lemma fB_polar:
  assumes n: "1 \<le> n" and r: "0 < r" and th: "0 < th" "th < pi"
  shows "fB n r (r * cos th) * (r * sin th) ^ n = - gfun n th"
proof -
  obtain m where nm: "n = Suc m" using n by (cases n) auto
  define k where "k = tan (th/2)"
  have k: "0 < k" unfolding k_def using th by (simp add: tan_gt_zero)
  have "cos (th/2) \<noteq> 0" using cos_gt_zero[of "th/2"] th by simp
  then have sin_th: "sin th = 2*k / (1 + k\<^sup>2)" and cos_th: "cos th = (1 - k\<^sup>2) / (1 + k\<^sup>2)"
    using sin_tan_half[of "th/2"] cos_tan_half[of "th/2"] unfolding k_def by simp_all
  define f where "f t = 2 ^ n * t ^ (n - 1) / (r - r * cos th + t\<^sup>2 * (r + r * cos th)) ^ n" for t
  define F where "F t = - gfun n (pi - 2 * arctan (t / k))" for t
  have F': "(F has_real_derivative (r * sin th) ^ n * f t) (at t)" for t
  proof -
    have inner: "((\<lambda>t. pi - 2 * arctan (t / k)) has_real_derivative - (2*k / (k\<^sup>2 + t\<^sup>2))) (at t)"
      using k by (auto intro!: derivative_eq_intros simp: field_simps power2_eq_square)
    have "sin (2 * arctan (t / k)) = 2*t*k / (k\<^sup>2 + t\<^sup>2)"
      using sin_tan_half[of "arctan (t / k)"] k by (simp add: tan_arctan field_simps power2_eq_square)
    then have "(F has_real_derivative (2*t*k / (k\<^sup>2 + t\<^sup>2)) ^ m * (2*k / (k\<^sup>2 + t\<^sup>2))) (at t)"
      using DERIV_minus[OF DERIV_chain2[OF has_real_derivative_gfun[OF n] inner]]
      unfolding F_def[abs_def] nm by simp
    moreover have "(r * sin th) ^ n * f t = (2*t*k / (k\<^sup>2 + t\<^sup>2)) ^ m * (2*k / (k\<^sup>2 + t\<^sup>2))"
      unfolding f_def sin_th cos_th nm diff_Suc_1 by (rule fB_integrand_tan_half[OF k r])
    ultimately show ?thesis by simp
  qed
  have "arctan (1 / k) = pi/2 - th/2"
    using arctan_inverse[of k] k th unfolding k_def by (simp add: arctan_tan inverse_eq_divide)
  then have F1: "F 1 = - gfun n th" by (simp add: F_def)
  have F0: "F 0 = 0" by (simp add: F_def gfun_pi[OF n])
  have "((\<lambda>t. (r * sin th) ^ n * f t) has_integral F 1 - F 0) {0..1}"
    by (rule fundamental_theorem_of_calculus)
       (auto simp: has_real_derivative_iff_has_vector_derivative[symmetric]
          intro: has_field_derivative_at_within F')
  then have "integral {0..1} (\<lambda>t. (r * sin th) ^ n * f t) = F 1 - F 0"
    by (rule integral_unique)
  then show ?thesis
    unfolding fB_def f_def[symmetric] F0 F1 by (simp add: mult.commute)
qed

_ _ _

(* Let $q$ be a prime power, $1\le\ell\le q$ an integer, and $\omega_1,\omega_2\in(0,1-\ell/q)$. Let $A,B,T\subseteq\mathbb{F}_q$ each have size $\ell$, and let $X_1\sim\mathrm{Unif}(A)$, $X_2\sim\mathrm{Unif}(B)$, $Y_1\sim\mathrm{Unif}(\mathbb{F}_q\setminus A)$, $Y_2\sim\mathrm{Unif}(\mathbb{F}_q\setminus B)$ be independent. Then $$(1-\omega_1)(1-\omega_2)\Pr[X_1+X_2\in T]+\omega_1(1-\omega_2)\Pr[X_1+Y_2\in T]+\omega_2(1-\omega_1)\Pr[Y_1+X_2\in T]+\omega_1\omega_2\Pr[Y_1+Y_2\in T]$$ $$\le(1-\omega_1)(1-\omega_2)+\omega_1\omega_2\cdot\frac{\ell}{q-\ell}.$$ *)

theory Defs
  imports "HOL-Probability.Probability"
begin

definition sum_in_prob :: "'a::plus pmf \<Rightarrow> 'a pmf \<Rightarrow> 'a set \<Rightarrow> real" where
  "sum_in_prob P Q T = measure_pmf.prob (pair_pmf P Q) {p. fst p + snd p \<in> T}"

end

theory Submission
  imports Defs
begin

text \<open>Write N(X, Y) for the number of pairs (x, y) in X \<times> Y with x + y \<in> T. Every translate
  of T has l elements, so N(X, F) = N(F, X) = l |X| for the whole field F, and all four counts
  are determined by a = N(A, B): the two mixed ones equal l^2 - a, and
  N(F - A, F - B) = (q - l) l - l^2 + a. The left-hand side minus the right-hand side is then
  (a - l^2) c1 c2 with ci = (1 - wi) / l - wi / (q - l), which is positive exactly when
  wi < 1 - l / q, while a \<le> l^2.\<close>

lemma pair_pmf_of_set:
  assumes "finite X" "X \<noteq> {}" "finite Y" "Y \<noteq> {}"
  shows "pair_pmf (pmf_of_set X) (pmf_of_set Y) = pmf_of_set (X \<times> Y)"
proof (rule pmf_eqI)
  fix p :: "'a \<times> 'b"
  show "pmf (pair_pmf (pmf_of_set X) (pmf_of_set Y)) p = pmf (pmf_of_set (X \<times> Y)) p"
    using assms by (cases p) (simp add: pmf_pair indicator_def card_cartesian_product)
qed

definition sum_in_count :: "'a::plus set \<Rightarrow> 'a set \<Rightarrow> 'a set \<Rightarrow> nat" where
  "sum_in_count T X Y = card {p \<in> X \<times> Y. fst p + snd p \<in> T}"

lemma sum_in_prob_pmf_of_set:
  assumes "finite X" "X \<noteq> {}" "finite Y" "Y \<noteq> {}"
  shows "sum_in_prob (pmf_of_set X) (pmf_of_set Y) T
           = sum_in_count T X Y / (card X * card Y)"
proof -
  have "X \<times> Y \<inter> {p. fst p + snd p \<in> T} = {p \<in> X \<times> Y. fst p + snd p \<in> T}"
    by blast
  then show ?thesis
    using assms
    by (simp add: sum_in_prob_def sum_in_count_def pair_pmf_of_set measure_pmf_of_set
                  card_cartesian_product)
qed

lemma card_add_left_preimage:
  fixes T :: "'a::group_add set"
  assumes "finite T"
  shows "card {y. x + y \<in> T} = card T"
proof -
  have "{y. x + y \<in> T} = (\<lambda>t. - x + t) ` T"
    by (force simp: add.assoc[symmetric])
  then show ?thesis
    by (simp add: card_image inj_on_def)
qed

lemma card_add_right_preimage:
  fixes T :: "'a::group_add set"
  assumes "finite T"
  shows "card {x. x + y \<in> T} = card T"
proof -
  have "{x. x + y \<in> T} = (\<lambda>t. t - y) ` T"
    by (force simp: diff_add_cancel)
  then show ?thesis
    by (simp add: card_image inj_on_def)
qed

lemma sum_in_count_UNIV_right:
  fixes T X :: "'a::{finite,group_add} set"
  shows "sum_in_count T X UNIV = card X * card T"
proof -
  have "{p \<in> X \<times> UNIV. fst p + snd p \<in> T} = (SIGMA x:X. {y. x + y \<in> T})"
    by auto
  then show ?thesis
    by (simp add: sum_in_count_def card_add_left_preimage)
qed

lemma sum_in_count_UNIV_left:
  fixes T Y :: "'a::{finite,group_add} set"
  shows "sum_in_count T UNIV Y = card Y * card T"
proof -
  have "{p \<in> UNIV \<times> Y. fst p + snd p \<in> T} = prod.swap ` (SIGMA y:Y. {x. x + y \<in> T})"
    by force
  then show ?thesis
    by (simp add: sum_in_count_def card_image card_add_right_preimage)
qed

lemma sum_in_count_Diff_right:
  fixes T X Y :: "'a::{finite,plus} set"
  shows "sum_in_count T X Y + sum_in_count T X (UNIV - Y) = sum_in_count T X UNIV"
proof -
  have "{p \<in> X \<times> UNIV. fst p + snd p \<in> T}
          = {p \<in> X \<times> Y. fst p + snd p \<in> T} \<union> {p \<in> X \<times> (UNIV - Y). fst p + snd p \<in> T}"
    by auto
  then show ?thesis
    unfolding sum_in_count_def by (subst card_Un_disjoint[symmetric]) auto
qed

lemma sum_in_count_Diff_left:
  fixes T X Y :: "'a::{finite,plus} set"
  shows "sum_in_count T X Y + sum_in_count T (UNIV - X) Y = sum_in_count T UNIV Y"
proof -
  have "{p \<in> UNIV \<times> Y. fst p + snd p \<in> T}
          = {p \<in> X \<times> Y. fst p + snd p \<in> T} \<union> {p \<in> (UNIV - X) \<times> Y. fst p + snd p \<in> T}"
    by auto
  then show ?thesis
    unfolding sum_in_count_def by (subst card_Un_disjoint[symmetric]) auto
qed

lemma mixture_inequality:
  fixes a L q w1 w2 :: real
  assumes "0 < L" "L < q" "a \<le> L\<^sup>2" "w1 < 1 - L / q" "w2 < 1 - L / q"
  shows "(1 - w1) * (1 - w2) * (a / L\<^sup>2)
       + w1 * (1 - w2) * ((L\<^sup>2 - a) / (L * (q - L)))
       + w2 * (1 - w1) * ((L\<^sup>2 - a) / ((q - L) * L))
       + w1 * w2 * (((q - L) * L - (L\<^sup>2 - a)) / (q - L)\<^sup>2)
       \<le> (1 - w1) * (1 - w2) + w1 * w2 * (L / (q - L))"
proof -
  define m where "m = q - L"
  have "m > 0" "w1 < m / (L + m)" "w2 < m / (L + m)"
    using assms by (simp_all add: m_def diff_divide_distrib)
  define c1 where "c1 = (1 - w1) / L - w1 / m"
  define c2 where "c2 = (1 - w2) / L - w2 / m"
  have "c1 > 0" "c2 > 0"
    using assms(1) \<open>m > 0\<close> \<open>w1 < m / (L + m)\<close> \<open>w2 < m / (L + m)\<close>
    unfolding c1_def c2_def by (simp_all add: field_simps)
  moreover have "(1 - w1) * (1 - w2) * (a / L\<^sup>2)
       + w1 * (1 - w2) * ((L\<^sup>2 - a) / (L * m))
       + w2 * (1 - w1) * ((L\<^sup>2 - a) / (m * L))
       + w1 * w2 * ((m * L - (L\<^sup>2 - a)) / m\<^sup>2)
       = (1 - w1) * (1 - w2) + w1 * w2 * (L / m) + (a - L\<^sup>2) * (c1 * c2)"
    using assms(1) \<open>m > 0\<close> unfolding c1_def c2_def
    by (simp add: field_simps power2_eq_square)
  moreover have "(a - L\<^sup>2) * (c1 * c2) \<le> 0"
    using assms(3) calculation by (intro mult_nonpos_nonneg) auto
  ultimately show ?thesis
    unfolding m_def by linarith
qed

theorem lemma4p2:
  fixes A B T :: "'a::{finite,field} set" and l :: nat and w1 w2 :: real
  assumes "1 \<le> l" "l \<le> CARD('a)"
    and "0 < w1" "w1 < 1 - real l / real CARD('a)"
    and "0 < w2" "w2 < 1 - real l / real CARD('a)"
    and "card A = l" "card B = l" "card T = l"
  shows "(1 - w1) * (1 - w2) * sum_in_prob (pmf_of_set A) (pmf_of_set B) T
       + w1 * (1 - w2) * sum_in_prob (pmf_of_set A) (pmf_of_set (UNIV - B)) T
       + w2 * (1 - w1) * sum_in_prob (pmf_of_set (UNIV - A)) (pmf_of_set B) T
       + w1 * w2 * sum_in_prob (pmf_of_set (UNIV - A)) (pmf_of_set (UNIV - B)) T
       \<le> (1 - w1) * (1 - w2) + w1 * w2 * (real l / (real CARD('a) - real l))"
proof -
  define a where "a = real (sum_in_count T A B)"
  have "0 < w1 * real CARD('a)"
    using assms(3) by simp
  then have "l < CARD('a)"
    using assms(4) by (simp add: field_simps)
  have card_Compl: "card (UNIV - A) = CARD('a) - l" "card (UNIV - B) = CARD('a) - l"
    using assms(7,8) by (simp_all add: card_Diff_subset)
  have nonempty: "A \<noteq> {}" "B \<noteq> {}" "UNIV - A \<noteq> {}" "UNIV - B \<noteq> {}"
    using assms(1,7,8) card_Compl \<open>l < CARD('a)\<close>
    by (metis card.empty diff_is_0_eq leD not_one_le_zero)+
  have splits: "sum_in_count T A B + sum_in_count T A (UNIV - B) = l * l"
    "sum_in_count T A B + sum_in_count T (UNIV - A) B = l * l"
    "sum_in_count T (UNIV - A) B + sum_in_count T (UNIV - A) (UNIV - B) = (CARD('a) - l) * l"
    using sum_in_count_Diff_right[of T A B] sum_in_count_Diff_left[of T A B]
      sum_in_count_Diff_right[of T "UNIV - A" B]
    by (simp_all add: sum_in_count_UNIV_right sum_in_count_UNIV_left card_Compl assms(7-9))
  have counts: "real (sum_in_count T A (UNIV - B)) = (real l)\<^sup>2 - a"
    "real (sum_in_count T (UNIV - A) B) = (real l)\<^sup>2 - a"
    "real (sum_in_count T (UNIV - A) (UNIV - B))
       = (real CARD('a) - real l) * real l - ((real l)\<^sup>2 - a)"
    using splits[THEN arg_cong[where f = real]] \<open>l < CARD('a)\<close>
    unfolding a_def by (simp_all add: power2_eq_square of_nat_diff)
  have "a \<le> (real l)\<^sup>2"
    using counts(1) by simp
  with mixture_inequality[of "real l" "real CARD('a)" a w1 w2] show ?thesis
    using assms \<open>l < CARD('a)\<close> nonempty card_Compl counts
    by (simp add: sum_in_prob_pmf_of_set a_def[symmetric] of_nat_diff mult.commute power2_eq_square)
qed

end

_ _ _

Show each line in the listing above that has "Rightarrow".

definition sum_in_prob :: "'a::plus pmf \<Rightarrow> 'a pmf \<Rightarrow> 'a set \<Rightarrow> real" where
definition sum_in_count :: "'a::plus set \<Rightarrow> 'a set \<Rightarrow> 'a set \<Rightarrow> nat" where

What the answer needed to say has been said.